» STORED DATA
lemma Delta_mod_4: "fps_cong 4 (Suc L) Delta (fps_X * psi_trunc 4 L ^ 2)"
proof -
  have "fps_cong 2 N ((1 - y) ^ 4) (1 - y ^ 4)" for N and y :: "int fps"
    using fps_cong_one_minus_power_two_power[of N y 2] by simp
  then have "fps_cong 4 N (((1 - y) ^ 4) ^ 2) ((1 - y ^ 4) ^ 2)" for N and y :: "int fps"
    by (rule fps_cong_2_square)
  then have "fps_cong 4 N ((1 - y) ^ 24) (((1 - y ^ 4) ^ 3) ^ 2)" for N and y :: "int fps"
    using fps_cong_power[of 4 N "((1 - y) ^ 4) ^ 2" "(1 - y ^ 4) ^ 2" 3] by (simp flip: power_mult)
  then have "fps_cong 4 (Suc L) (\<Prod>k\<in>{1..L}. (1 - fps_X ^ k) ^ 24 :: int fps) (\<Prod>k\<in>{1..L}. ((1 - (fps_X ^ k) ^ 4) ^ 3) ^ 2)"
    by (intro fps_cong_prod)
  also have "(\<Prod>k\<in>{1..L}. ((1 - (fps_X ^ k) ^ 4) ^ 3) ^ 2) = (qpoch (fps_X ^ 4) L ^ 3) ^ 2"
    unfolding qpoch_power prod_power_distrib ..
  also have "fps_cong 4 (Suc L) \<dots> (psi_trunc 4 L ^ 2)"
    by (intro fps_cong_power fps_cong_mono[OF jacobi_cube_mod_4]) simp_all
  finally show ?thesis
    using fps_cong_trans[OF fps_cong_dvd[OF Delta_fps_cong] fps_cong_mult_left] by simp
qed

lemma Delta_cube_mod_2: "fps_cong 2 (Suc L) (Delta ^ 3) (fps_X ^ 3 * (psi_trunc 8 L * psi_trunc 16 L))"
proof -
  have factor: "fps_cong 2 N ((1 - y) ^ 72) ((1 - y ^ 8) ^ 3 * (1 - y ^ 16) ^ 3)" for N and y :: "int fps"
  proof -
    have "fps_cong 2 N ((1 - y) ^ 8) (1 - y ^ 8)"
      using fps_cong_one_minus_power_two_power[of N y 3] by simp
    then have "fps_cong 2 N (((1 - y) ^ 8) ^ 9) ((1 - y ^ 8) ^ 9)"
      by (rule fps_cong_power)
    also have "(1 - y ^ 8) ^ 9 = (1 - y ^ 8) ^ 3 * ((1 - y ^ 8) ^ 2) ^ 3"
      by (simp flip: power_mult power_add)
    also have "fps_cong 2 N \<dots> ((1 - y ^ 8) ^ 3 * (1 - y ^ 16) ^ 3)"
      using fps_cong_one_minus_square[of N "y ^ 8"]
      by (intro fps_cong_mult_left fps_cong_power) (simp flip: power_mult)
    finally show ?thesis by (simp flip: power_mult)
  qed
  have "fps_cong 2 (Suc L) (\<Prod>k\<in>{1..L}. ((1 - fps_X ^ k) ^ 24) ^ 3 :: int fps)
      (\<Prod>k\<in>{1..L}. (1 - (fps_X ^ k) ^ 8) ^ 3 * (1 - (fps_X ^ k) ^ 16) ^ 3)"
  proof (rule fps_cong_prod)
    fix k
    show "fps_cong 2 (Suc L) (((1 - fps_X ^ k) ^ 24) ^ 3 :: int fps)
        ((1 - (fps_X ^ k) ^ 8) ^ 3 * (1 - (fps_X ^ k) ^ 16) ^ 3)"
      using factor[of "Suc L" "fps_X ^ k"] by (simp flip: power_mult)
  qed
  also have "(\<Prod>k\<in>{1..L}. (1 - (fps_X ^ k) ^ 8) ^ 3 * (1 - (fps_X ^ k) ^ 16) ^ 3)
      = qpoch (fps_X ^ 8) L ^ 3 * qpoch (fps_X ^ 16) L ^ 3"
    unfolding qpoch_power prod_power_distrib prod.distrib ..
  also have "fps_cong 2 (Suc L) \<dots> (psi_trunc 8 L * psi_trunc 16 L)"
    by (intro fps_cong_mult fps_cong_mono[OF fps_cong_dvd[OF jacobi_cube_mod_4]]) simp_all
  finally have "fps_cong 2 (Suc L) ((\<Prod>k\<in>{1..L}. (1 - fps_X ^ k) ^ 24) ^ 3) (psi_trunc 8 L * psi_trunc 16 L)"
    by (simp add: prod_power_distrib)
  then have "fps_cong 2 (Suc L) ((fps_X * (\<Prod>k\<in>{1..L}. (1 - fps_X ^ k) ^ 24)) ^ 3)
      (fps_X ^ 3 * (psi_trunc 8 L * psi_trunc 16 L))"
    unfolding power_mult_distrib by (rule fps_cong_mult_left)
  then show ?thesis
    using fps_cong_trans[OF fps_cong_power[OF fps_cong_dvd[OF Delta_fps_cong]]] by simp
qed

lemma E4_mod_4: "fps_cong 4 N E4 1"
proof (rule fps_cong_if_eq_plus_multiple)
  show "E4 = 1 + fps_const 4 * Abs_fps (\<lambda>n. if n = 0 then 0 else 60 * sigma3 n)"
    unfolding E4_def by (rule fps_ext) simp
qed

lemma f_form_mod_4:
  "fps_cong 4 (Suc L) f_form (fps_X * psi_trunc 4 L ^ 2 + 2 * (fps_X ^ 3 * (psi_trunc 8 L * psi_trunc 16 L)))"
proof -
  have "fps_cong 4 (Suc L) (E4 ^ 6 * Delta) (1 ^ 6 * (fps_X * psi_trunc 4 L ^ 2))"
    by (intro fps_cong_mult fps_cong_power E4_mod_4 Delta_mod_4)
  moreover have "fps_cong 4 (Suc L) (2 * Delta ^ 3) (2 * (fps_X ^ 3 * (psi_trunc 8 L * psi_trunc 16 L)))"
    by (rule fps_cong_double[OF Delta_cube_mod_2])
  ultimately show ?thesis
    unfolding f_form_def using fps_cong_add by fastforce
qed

» PROBLEM TO SOLVE
Looking at the data above, return every line from the one with "using fps_cong_one_minus_power_two_power[of N y 3]" down to the one with "by (simp flip: power_mult power_add)", exactly and inclusively.

» EXERCISE SOLUTION
      using fps_cong_one_minus_power_two_power[of N y 3] by simp
    then have "fps_cong 2 N (((1 - y) ^ 8) ^ 9) ((1 - y ^ 8) ^ 9)"
      by (rule fps_cong_power)
    also have "(1 - y ^ 8) ^ 9 = (1 - y ^ 8) ^ 3 * ((1 - y ^ 8) ^ 2) ^ 3"
      by (simp flip: power_mult power_add)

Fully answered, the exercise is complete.